一、HBase的数据变化的流程图如下:
在下面的图片展示了HBase的数据变化之后在Atlas里面的流程:
二、在整个过程中每一个小流程分析
- 使用
java
编写的代码需要运行。首先会被编程成字节码文件,然后把字节码加载到内存中才可以运行。Atlas的hook也一样,想要运行首先肯定需要被加载到内存。把.Class
文件加载到内存需要对应的内加载器。下面是加载Atlas的HBaseAtlasHook的类,如下所示:
/**
* 在这个类中实现对HBaseAtlasHook这个类的加载
*/
public class HBaseAtlasCoprocessor implements MasterCoprocessor, MasterObserver, RegionObserver, RegionServerObserver {
// 在构造生成HBaseAtlasCoprocessor的时候,加载HBaseAtlasHook
public HBaseAtlasCoprocessor() {
if(LOG.isDebugEnabled()) {
LOG.debug("==> HBaseAtlasCoprocessor.HBaseAtlasCoprocessor()");
}
// HBaseAtlasCoprocessor类初始化的时候将HBaseAtlasHook加载到HBase集群的内存中
this.init();
if(LOG.isDebugEnabled()) {
LOG.debug("<== HBaseAtlasCoprocessor.HBaseAtlasCoprocessor()");
}
}
private void init(){
if(LOG.isDebugEnabled()) {
LOG.debug("==> HBaseAtlasCoprocessor.init()");
}
try {
// 获取HBaseAtlasHook的类加载器
atlasPluginClassLoader = AtlasPluginClassLoader.getInstance(ATLAS_PLUGIN_TYPE, this.getClass());
@SuppressWarnings("unchecked")
Class<?> cls = Class.forName(ATLAS_HBASE_HOOK_IMPL_CLASSNAME, true, atlasPluginClassLoader);
activatePluginClassLoader();
impl = cls.newInstance();
implMasterObserver = (MasterObserver)impl;
implRegionObserver = (RegionObserver)impl;
implRegionServerObserver = (RegionServerObserver)impl;
implMasterCoprocessor = (MasterCoprocessor)impl;
} catch (Exception e) {
// check what need to be done
LOG.error("Error Enabling RangerHbasePlugin", e);
} finally {
deactivatePluginClassLoader();
}
if(LOG.isDebugEnabled()) {
LOG.debug("<== HBaseAtlasCoprocessor.init()");
}
}
}
在看完上面的代码,肯定会疑惑HBaseAtlasCoprocessor
实现的那四个接口有何作用。首先看第一个接口如下所示
@InterfaceAudience.LimitedPrivate(HBaseInterfaceAudience.COPROC)

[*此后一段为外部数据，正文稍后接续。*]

lemma tail_q0_eq_0: "tail q0 = 0"
proof (cases "q0 < 1")
  case False
  then show ?thesis using q0_le_1 by (simp add: tail_def)
next
  case q0: True
  obtain M where M: "\<And>q. q \<in> {0..1} \<Longrightarrow> \<bar>grad q\<bar> \<le> M"
    using continuous_on_compact_bound[OF compact_Icc continuous_on_grad] by auto
  have lim: "(tail \<longlongrightarrow> tail q0) (at_right q0)"
    by (rule continuous_on_Icc_at_rightD[OF continuous_on_subset[OF continuous_on_tail] q0])
      (use q0_nonneg in auto)
  have lin: "((\<lambda>r. c * (r - q0)) \<longlongrightarrow> 0) (at_right q0)" for c :: real
    by (rule tendsto_eq_intros | simp)+
  have "tail q0 \<le> 0"
  proof (rule tendsto_le[OF _ lin lim])
    show "\<forall>\<^sub>F r in at_right q0. tail r \<le> M * (r - q0)"
      using eventually_at_right_real[OF q0] by eventually_elim (auto intro: tail_le_above_q0[OF M])
  qed simp
  moreover have "0 \<le> tail q0"
  proof (cases "q0 = 0")
    case True
    then show ?thesis using tail_q0 deriv_xi_0[OF summable_coeffs] by simp
  next
    case False
    then have "q0 < min 1 (4 * q0 / 3)" using q0 q0_nonneg by auto
    from eventually_at_right_real[OF this]
    have "\<forall>\<^sub>F r in at_right q0. - 6 * M * (r - q0) \<le> tail r"
      by eventually_elim (rule tail_ge_above_q0[OF M], auto)
    from tendsto_le[OF _ lim lin this] show ?thesis by simp
  qed
  ultimately show ?thesis by simp
qed

end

@InterfaceStability.Evolving
public interface MasterCoprocessor extends Coprocessor {
default Optional<MasterObserver> getMasterObserver() {
return Optional.empty();
}
}
这个接口是在HBase
的coprocessor
包下面的。但是很蛋疼在接口上没有任务注释。但是这个接口继承了Coprocessor
接口。下面是Coprocessor
接口以及其注释
/**
* Building a coprocessor to observe Master operations.
* <pre>
* class MyMasterCoprocessor implements MasterCoprocessor {
* @Override
* public Optional<MasterObserver> getMasterObserver() {
* return new MyMasterObserver();
* }
* }
*/
@InterfaceAudience.LimitedPrivate(HBaseInterfaceAudience.COPROC)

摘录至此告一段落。